(* the all-\<infinity> vector on [n], which is not a point of projective space *)
definition inf_vec :: "nat \<Rightarrow> nat \<Rightarrow> ereal" where
  "inf_vec n = (\<lambda>i\<in>{1..n}. \<infinity>)"

end

theory Submission
  imports Defs
begin

text \<open>
  Write \<open>S = f\<^sub>1([n] \<union> {o})\<close> and \<open>\<rho> = \<mu>\<^sub>o|\<^sub>S\<close>, so that
  \<open>f\<^sup>-\<^sup>1(\<mu>)(B) = \<rho>(f\<^sub>1(B)) + (\<Sum>i\<in>B. f\<^sub>2(i))\<close> if \<open>f\<^sub>1\<close> is injective on \<open>B\<close> and \<open>\<infinity>\<close> otherwise.
  A circuit of \<open>f\<^sup>-\<^sup>1(\<mu>)\<close> either contains two elements with the same \<open>f\<^sub>1\<close>-image, and then its
  circuit vector is finite only at these two entries, which differ by the difference of their
  weights \<open>f\<^sub>2\<close>; or \<open>f\<^sub>1\<close> maps it bijectively onto a circuit of \<open>\<rho>\<close>, and circuit vectors of
  \<open>\<rho>\<close> are pointwise infima of circuit vectors of \<open>\<mu>\<^sub>o\<close>. Hence \<open>x(i) = f\<^sub>2(i) + z(f\<^sub>1(i))\<close>
  (with \<open>z(o) = \<infinity>\<close>) is a tropical point of \<open>f\<^sup>-\<^sup>1(\<mu>)\<close> whenever \<open>z\<close> is one of \<open>\<mu>\<close>.

  Conversely, let \<open>x\<close> be a tropical point of \<open>f\<^sup>-\<^sup>1(\<mu>)\<close>. Coordinates with \<open>f\<^sub>1(i) = o\<close> or
  \<open>f\<^sub>2(i) = \<infinity>\<close> are loops, so \<open>x(i) = \<infinity>\<close> there, and on the other (live) coordinates
  \<open>x(i) - f\<^sub>2(i)\<close> depends only on \<open>f\<^sub>1(i)\<close>. This defines \<open>z\<close> on the live image, and \<open>z\<close>
  satisfies the circuit conditions of \<open>\<rho>\<close>. To extend \<open>z\<close> to a tropical point of \<open>\<mu>\<close>, fix a
  maximal \<open>\<rho>\<close>-independent set \<open>X\<close> on which \<open>z = \<infinity>\<close>. For each \<open>c\<close> with \<open>z(c)\<close> finite
  choose a \<open>\<rho>\<close>-basis \<open>A \<supseteq> X\<close> through \<open>c\<close> minimising \<open>\<rho>(A) - (\<Sum>a\<in>A - X. z(a))\<close>, extend
  \<open>A - c\<close> to a hyperplane \<open>K\<close> of \<open>\<mu>\<close>, and take the cocircuit of \<open>\<mu>\<close> at \<open>K\<close>, shifted to
  the value \<open>z(c)\<close> at \<open>c\<close>. By the minimality, each of these cocircuits dominates \<open>z\<close> on the
  live image, so their pointwise minimum is a tropical point of \<open>\<mu>\<close> extending \<open>z\<close>, and \<open>x\<close>
  is its image under \<open>val(A\<^sub>f)\<close>.
\<close>

section \<open>Tropical linear spaces\<close>

lemma finite_INF_attained:
  fixes f :: "'a \<Rightarrow> 'b::complete_linorder"
  assumes "finite A" "A \<noteq> {}"
  shows "\<exists>a\<in>A. (INF x\<in>A. f x) = f a"
proof -
  have "Min (f ` A) \<in> f ` A" using assms by simp
  moreover have "Min (f ` A) = (INF x\<in>A. f x)" using assms by (simp add: Min_Inf)
  ultimately show ?thesis by auto
qed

WHAT YOU NEED TO DO: Only the lines above from the one with "f\<^sub>2(i) + z(f\<^sub>1(i))\<close>" up to and including the one with "image, and \<open>z\<close>" should be repeated, exactly as written.

SOLUTION FOR THIS TASK:
  \<open>\<rho>\<close> are pointwise infima of circuit vectors of \<open>\<mu>\<^sub>o\<close>. Hence \<open>x(i) = f\<^sub>2(i) + z(f\<^sub>1(i))\<close>
  (with \<open>z(o) = \<infinity>\<close>) is a tropical point of \<open>f\<^sup>-\<^sup>1(\<mu>)\<close> whenever \<open>z\<close> is one of \<open>\<mu>\<close>.

  Conversely, let \<open>x\<close> be a tropical point of \<open>f\<^sup>-\<^sup>1(\<mu>)\<close>. Coordinates with \<open>f\<^sub>1(i) = o\<close> or
  \<open>f\<^sub>2(i) = \<infinity>\<close> are loops, so \<open>x(i) = \<infinity>\<close> there, and on the other (live) coordinates
  \<open>x(i) - f\<^sub>2(i)\<close> depends only on \<open>f\<^sub>1(i)\<close>. This defines \<open>z\<close> on the live image, and \<open>z\<close>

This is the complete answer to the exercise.